I recently stumbled on an interessting problem, when computing the fourier transform of a signal with np.fft.fft
. The reproduced problem is:
%timeit np.fft.fft(np.random.rand(59601))
1 loops, best of 3: 1.34 s per loop
I found that the amount of time is unexpectedly long. For instance lets look at some other fft's, but with a slightly longer/shorter signal:
%timeit np.fft.fft(np.random.rand(59600))
100 loops, best of 3: 6.18 ms per loop
%timeit np.fft.fft(np.random.rand(59602))
10 loops, best of 3: 61.3 ms per loop
%timeit np.fft.fft(np.random.rand(59603))
10 loops, best of 3: 113 ms per loop
%timeit np.fft.fft(np.random.rand(59604))
1 loops, best of 3: 182 ms per loop
%timeit np.fft.fft(np.random.rand(59605))
100 loops, best of 3: 6.53 ms per loop
%timeit np.fft.fft(np.random.rand(59606))
1 loops, best of 3: 2.17 s per loop
%timeit np.fft.fft(np.random.rand(59607))

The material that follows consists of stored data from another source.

text \<open>Abelian groups are HOL-Algebra structures (written multiplicatively).\<close>

definition torsion_group :: "('a, 'm) monoid_scheme \<Rightarrow> bool" where
  "torsion_group G \<longleftrightarrow> (\<forall>x \<in> carrier G. \<exists>n::nat. n > 0 \<and> x [^]\<^bsub>G\<^esub> n = \<one>\<^bsub>G\<^esub>)"

definition set_sum_list :: "('a, 'm) monoid_scheme \<Rightarrow> ('i \<Rightarrow> 'a set) \<Rightarrow> 'i list \<Rightarrow> 'a set" where
  "set_sum_list G A ks = foldr (\<lambda>k acc. A k <#>\<^bsub>G\<^esub> acc) ks {\<one>\<^bsub>G\<^esub>}"

definition auto_pow :: "('a, 'm) monoid_scheme \<Rightarrow> ('a \<Rightarrow> 'a) \<Rightarrow> int \<Rightarrow> 'a \<Rightarrow> 'a" where
  "auto_pow G \<phi> k = (if k \<ge> 0 then \<phi> ^^ nat k else (inv_into (carrier G) \<phi>) ^^ nat (- k))"

definition positively_expansive :: "('a, 'm) monoid_scheme \<Rightarrow> ('a \<Rightarrow> 'a) \<Rightarrow> bool" where
  "positively_expansive G \<phi> \<longleftrightarrow>
     (\<exists>S. subgroup S G \<and> finite S \<and>
        (\<forall>F. subgroup F G \<and> finite F \<longrightarrow>
           (\<exists>n::nat. F \<subseteq> set_sum_list G (\<lambda>k. (\<phi> ^^ k) ` S) [0..<Suc n])))"

definition expansive :: "('a, 'm) monoid_scheme \<Rightarrow> ('a \<Rightarrow> 'a) \<Rightarrow> bool" where
  "expansive G \<phi> \<longleftrightarrow>
     (\<exists>S. subgroup S G \<and> finite S \<and>
        (\<forall>F. subgroup F G \<and> finite F \<longrightarrow>
           (\<exists>n::nat. F \<subseteq> set_sum_list G (\<lambda>k. auto_pow G \<phi> k ` S) [- int n..int n])))"

text \<open>Finitely supported sequences S^(N) and S^(Z), and the shifts.\<close>
abbreviation fs_seq :: "('b, 'c) monoid_scheme \<Rightarrow> ('i \<Rightarrow> 'b) monoid" where
  "fs_seq S \<equiv> sum_group UNIV (\<lambda>_. S)"

definition shift_nat :: "('b, 'c) monoid_scheme \<Rightarrow> (nat \<Rightarrow> 'b) \<Rightarrow> nat \<Rightarrow> 'b" where
  "shift_nat S x = (\<lambda>k. if k = 0 then \<one>\<^bsub>S\<^esub> else x (k - 1))"

definition shift_int :: "(int \<Rightarrow> 'b) \<Rightarrow> int \<Rightarrow> 'b" where
  "shift_int x = (\<lambda>k. x (k - 1))"

definition is_factor :: "('h, 'n) monoid_scheme \<Rightarrow> ('h \<Rightarrow> 'h) \<Rightarrow> ('a, 'm) monoid_scheme \<Rightarrow> ('a \<Rightarrow> 'a) \<Rightarrow> bool" where
  "is_factor H \<psi> G \<phi> \<longleftrightarrow>
     (\<exists>\<pi>. \<pi> \<in> hom H G \<and> \<pi> ` carrier H = carrier G \<and> (\<forall>x \<in> carrier H. \<pi> (\<psi> x) = \<phi> (\<pi> x)))"

end

theory Submission
  imports Defs
begin

text \<open>
  Let \<iota>_k embed S at coordinate k of S^(I). A factor map \<pi> from the shift on S^(I) onto G
  is determined by D = \<pi> \<circ> \<iota>_0: since \<pi> intertwines the shifts, \<pi>(\<iota>_k s) = \<phi>^k(D s),
  and \<pi>(y) is the product of the \<phi>^k(D(y_k)) over the finite support of y. Hence the finite
  subgroup D(S) witnesses (positive) expansivity. Conversely, if a finite subgroup S witnesses
  it, the map (s_k) \<mapsto> \<Prod>_k \<phi>^k(s_k) on S^(I) intertwines the shift with \<phi>, and it is onto
  because in a torsion group every element generates a finite subgroup, which expansivity
  places inside a finite product of the \<phi>^k(S). For automorphisms the same argument runs
  with integer powers, going down in k by injectivity of \<phi>.
\<close>

definition window_expansive ::
    "('a, 'm) monoid_scheme \<Rightarrow> ('i \<Rightarrow> 'a \<Rightarrow> 'a) \<Rightarrow> (nat \<Rightarrow> 'i list) \<Rightarrow> bool" where
  "window_expansive G P W \<longleftrightarrow>
     (\<exists>S. subgroup S G \<and> finite S \<and>
        (\<forall>F. subgroup F G \<and> finite F \<longrightarrow> (\<exists>n. F \<subseteq> set_sum_list G (\<lambda>k. P k ` S) (W n))))"

lemma positively_expansive_iff_window_expansive:
  "positively_expansive G \<phi> \<longleftrightarrow> window_expansive G (\<lambda>k. \<phi> ^^ k) (\<lambda>n. [0..<Suc n])"
  unfolding positively_expansive_def window_expansive_def ..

100 loops, best of 3: 8.14 ms per loop
We can observe that the times are now in miliseconds, except for np.random.rand(59606)
, which lasts 2.17 s.
Note, the numpy documentation states:
FFT (Fast Fourier Transform) refers to a way the discrete Fourier Transform (DFT) can be calculated efficiently, by using symmetries in the calculated terms. The symmetry is highest when n is a power of 2, and the transform is therefore most efficient for these sizes.
However these vectors do not have the length of a power of 2. Could someone explain how to avoid/predict cases, when computation times are considerably higher?